━━━━━ Exercise materials

text \<open>A partial query is given by the list es of its query hyperedges (in matching order);
  a partial embedding by the list fs of the images, fs!i = f(es!i).\<close>
definition valid_embedding ::
  "('u \<Rightarrow> 'l) \<Rightarrow> ('v \<Rightarrow> 'l) \<Rightarrow> 'u set list \<Rightarrow> 'v set list \<Rightarrow> bool" where
  "valid_embedding lq lH es fs \<longleftrightarrow>
     (\<exists>g. bij_betw g (\<Union>(set es)) (\<Union>(set fs))
        \<and> (\<forall>u\<in>\<Union>(set es). lH (g u) = lq u)
        \<and> (\<forall>i<length es. g ` (es!i) = fs!i))"

definition data_profile :: "('v \<Rightarrow> 'l) \<Rightarrow> 'v set list \<Rightarrow> 'v \<Rightarrow> 'l \<times> 'v set set" where
  "data_profile lH fs v = (lH v, {e \<in> set fs. v \<in> e})"

definition query_profile ::
  "('u \<Rightarrow> 'l) \<Rightarrow> 'u set list \<Rightarrow> 'v set list \<Rightarrow> 'u \<Rightarrow> 'l \<times> 'v set set" where
  "query_profile lq es fs u = (lq u, {fs!i | i. i < length es \<and> u \<in> es!i})"

end

theory Submission
  imports Defs
begin

text \<open>Record every vertex by its label together with the set of \<^emph>\<open>positions\<close> of the hyperedges
  containing it. A label- and incidence-preserving bijection exists iff the multisets of these
  profiles over all vertices coincide: one direction transports profiles, the other matches the
  fibres of equal profiles by bijections. Deleting position \<open>k\<close> from the profiles of \<open>q'\<close> and
  discarding the empty ones gives the profiles of \<open>q''\<close>, while the profiles containing \<open>k\<close> are
  those of the last hyperedge; the vertices outside it keep their \<open>q''\<close>-profile, so the two
  pieces determine the whole multiset. Finally, as \<open>f\<close> is injective, naming a hyperedge by its
  position or by its image in \<open>H\<close> carries the same information.\<close>

lemma count_image_mset_mset_set:
  assumes "finite A"
  shows "count (image_mset f (mset_set A)) y = card {x \<in> A. f x = y}"
  using assms by (simp add: count_image_mset Int_commute vimage_def Collect_conj_eq)

lemma image_mset_mset_set_eq_imp_bij_betw:
  assumes "finite A" "finite B" "image_mset f (mset_set A) = image_mset g (mset_set B)"
  obtains h where "bij_betw h A B" "\<And>x. x \<in> A \<Longrightarrow> g (h x) = f x"
proof -
  have "card {x \<in> A. f x = y} = card {x \<in> B. g x = y}" for y
    using assms count_image_mset_mset_set[OF assms(1), of f y]
      count_image_mset_mset_set[OF assms(2), of g y] by simp
  then have "\<exists>h. bij_betw h {x \<in> A. f x = y} {x \<in> B. g x = y}" for y
    using assms(1,2) by (intro finite_same_card_bij) auto
  then obtain h where h: "\<And>y. bij_betw (h y) {x \<in> A. f x = y} {x \<in> B. g x = y}"
    by metis
  define h' where "h' x = h (f x) x" for x
  have maps: "h' x \<in> B \<and> g (h' x) = f x" if "x \<in> A" for x
    using bij_betwE[OF h[of "f x"]] that unfolding h'_def by auto
  have "inj_on h' A"
  proof
    fix x x' assume "x \<in> A" "x' \<in> A" "h' x = h' x'"
    moreover from this have "f x = f x'"
      using maps by metis
    ultimately show "x = x'"
      using bij_betw_imp_inj_on[OF h[of "f x"]] unfolding h'_def by (auto simp: inj_on_def)
  qed
  moreover have "B \<subseteq> h' ` A"
  proof
    fix y assume "y \<in> B"
    then have "y \<in> h (g y) ` {x \<in> A. f x = g y}"
      using bij_betw_imp_surj_on[OF h[of "g y"]] by simp
    then obtain x where "x \<in> A" "f x = g y" "y = h (g y) x"
      by blast
    then have "y = h' x"
      unfolding h'_def by simp
    with \<open>x \<in> A\<close> show "y \<in> h' ` A"
      by blast
  qed
  ultimately have "bij_betw h' A B"
    using maps by (auto simp: bij_betw_def)
  with maps show thesis
    using that by blast
qed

━━━━━━━━━━

What to do
Find the string "containing" in the data. Report each line it appears in.

Exercise answer
  containing it. A label- and incidence-preserving bijection exists iff the multisets of these
  discarding the empty ones gives the profiles of \<open>q''\<close>, while the profiles containing \<open>k\<close> are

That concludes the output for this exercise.